Laporan | Witriyani
SALATIGA | JEJAKKASUSINDONESIANEWS.COM — Rumah Tahanan Negara (Rutan) Salatiga terus memperkuat komitmennya dalam meningkatkan pembinaan warga binaan melalui kolaborasi lintas sektor.
Upaya ini diwujudkan lewat koordinasi bersama Pemerintah Kelurahan Salatiga dalam rangka mendorong program pembinaan berbasis masyarakat.
Pertemuan yang berlangsung pada Kamis (30/4/2026) tersebut menitikberatkan pada penguatan kerja sama melalui program Desa Binaan. Program ini dirancang sebagai kegiatan padat karya yang melibatkan warga binaan bersama masyarakat, khususnya mereka yang belum memiliki pekerjaan.
Selain menjadi wadah pemberdayaan, program ini juga diharapkan mampu mendukung proses reintegrasi sosial warga binaan, sehingga mereka dapat kembali ke tengah masyarakat dengan keterampilan dan produktivitas yang lebih baik.

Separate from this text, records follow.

(* Let $c_1,\dots,c_k\in(1,\infty)$, let $\lambda\in(0,\infty)^k$ satisfy $\lambda_j/(2g'(\|Y-X\hat\beta^\lambda\|_2^2))=c_j\|(XP_jM_j^{+})^\top\varepsilon\|_{q_j}^*$ for all $j$, and set $a_j:=2(c_j-1)\|(XP_jM_j^{+})^\top\varepsilon\|_{q_j}^*$ for $j=1,\dots,k$. For $a=(a_1,\dots,a_k)$ define $L_a(\beta):=\frac1n\|X(\beta^*-\beta)\|_2^2+\frac1n\sum_{j=1}^ka_j\|M_j\beta\|_{q_j}$. Then, with probability one, $$L_a(\hat\beta^\lambda)\le\Big(1+\max_{j\in\{1,\dots,k\}}\frac{4\|(XP_jM_j^{+})^\top\varepsilon\|_{q_j}^*}{a_j}\Big)\min_{\beta\in\mathbb{R}^p}L_a(\beta).$$
   Context: Standing setup. Model: $Y=X\beta^*+\varepsilon$ with $Y\in\mathbb{R}^n$, $X\in\mathbb{R}^{n\times p}$, $\beta^*\in\mathbb{R}^p$, $\varepsilon\in\mathbb{R}^n$ (random). Link function $g:\mathbb{R}\to[0,\infty)$ with $g(0)=0$, $g$ continuous and strictly increasing on $[0,\infty)$, continuously differentiable on $(0,\infty)$ with strictly positive and non-increasing derivative $g'$, and such that $\alpha\mapsto g(\|\alpha\|_2^2)$ is strictly convex on $\mathbb{R}^n$. Penalty: $k\ge1$, matrices $M_1,\dots,M_k\in\mathbb{R}^{p\times p}$ with $\bigcap_{j=1}^k\mathrm{Ker}(M_j)=\{0\}$, exponents $q_j\ge1$, $\|\cdot\|_{q_j}$ the $\ell_{q_j}$-norm on $\mathbb{R}^p$, and $\|\cdot\|_{q_j}^*$ its dual norm. For $\lambda\in(0,\infty)^k$, $\hat\beta^\lambda$ denotes any element of $\arg\min_{\beta\in\mathbb{R}^p}\{g(\|Y-X\beta\|_2^2)+\sum_{j=1}^k\lambda_j\|M_j\beta\|_{q_j}\}$. $A^+$ denotes the Moore–Penrose pseudoinverse; $P_1,\dots,P_k\in\mathbb{R}^{p\times p}$ are fixed projection matrices with $\sum_{j=1}^kP_jM_j^+M_j=I_{p\times p}$. Noise assumption: with probability one, $Y\neq0$ and $\min_{j}\|(XP_jM_j^{+})^\top\varepsilon\|_{q_j}^*>0$. *)

theory Defs
  imports "HOL-Probability.Probability"
begin

definition lq_norm :: "real \<Rightarrow> real^'p \<Rightarrow> real" where
  "lq_norm q x = (\<Sum>i\<in>UNIV. \<bar>x $ i\<bar> powr q) powr (1 / q)"

definition lq_dual_norm :: "real \<Rightarrow> real^'p \<Rightarrow> real" where
  "lq_dual_norm q z = Sup {inner z x | x. lq_norm q x \<le> 1}"

definition mp_pinv :: "real^'m^'n \<Rightarrow> real^'n^'m" where
  "mp_pinv A = (THE B. A ** B ** A = A \<and> B ** A ** B = B \<and>
      transpose (A ** B) = A ** B \<and> transpose (B ** A) = B ** A)"

definition strictly_convex :: "('a::real_vector \<Rightarrow> real) \<Rightarrow> bool" where
  "strictly_convex f \<longleftrightarrow> (\<forall>x y t. x \<noteq> y \<and> 0 < t \<and> t < 1 \<longrightarrow>
      f ((1 - t) *\<^sub>R x + t *\<^sub>R y) < (1 - t) * f x + t * f y)"

definition pen_obj ::
  "(real \<Rightarrow> real) \<Rightarrow> real^'p^'n \<Rightarrow> real^'n \<Rightarrow> ('k::finite \<Rightarrow> real^'p^'p)
     \<Rightarrow> ('k \<Rightarrow> real) \<Rightarrow> ('k \<Rightarrow> real) \<Rightarrow> real^'p \<Rightarrow> real" where
  "pen_obj g X Y M q lam b =
     g ((norm (Y - X *v b))\<^sup>2) + (\<Sum>j\<in>UNIV. lam j * lq_norm (q j) (M j *v b))"

definition loss_L ::
  "real^'p^'n \<Rightarrow> real^'p \<Rightarrow> ('k::finite \<Rightarrow> real^'p^'p) \<Rightarrow> ('k \<Rightarrow> real)
     \<Rightarrow> ('k \<Rightarrow> real) \<Rightarrow> real^'p \<Rightarrow> real" where
  "loss_L X bstar M q a b =
     (1 / real CARD('n)) * (norm (X *v (bstar - b)))\<^sup>2
     + (1 / real CARD('n)) * (\<Sum>j\<in>UNIV. a j * lq_norm (q j) (M j *v b))"

end

theory Submission
  imports Defs
begin

text \<open>
  Since the link g is concave, g(|Y - X b|^2) lies below its tangent at the estimator, so the
  optimality of the estimator yields a basic inequality in which g enters only through the
  factor g'(|Y - X bhat|^2) that also scales every lambda_j. The noise term <eps, X(bhat - b)>
  is split along the identity I = sum_j P_j M_j^+ M_j into pairings of (X P_j M_j^+)^T eps with
  M_j(bhat - b), each bounded by Hoelder's inequality. With the prescribed tuning of lambda these
  terms are absorbed by the penalty, leaving a surplus 4 |(X P_j M_j^+)^T eps|_* |M_j b| per
  block, which is at most the stated maximum times a_j |M_j b|.

  The inequality holds for each noise realisation satisfying the noise assumption; the
  hypotheses that only secure existence and uniqueness of the estimator (strict convexity,
  trivial joint kernel, projections P_j) and the probabilistic setting play no further role.
\<close>

lemma lq_norm_nonneg: "0 \<le> lq_norm q x"
  unfolding lq_norm_def by simp

lemma lq_norm_uminus: "lq_norm q (- x) = lq_norm q x"
  by (simp add: lq_norm_def)

lemma abs_component_le_lq_norm:
  assumes "q \<ge> 1"
  shows "\<bar>x $ i\<bar> \<le> lq_norm q x"
proof -
  have "\<bar>x $ i\<bar> powr q \<le> (\<Sum>i\<in>UNIV. \<bar>x $ i\<bar> powr q)"
    by (rule member_le_sum) auto
  then have "(\<bar>x $ i\<bar> powr q) powr (1 / q) \<le> (\<Sum>i\<in>UNIV. \<bar>x $ i\<bar> powr q) powr (1 / q)"
    by (rule powr_mono2[rotated 2]) (use assms in auto)
  moreover have "(\<bar>x $ i\<bar> powr q) powr (1 / q) = \<bar>x $ i\<bar>"
    using assms by (simp add: powr_powr)
  ultimately show ?thesis
    by (simp add: lq_norm_def)
qed

lemma lq_norm_eq_0D:
  assumes "q \<ge> 1" and "lq_norm q x = 0"
  shows "x = 0"
  using abs_component_le_lq_norm[OF assms(1), of x] assms(2) by (simp add: vec_eq_iff)

lemma lq_norm_scaleR:
  assumes "q \<ge> 1"
  shows "lq_norm q (t *\<^sub>R x) = \<bar>t\<bar> * lq_norm q x"
proof -
  have "(\<Sum>i\<in>UNIV. \<bar>(t *\<^sub>R x) $ i\<bar> powr q) = \<bar>t\<bar> powr q * (\<Sum>i\<in>UNIV. \<bar>x $ i\<bar> powr q)"
    by (simp add: abs_mult powr_mult sum_distrib_left)
  then have "lq_norm q (t *\<^sub>R x) = (\<bar>t\<bar> powr q) powr (1 / q) * lq_norm q x"
    by (simp add: lq_norm_def powr_mult)
  also have "(\<bar>t\<bar> powr q) powr (1 / q) = \<bar>t\<bar>"
    using assms by (simp add: powr_powr)
  finally show ?thesis .
qed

Lurah Salatiga, Slamet Subagyo, SE, menyambut positif langkah yang dilakukan Rutan Salatiga. Ia menilai sinergi tersebut menjadi bentuk komunikasi yang konstruktif antara pemerintah dan lembaga pemasyarakatan.
“Kami mengapresiasi inisiatif ini. Harapannya, kerja sama ini dapat memberikan manfaat nyata bagi masyarakat sekaligus membuka peluang bagi warga binaan untuk berkontribusi,” ujarnya.
Sementara itu, Pelaksana Harian (Plh) Kepala Rutan Salatiga, Ruwiyanto, menegaskan bahwa kolaborasi ini merupakan bagian dari strategi pembinaan yang berkelanjutan.
“Program ini menjadi sarana asimilasi yang konkret bagi warga binaan, sekaligus langkah strategis dalam mempersiapkan mereka kembali ke lingkungan sosial secara produktif,” katanya.
Melalui sinergi ini, Rutan Salatiga berharap tercipta hubungan yang harmonis dengan masyarakat serta membuka ruang yang lebih luas bagi warga binaan untuk berperan aktif dalam pembangunan sosial.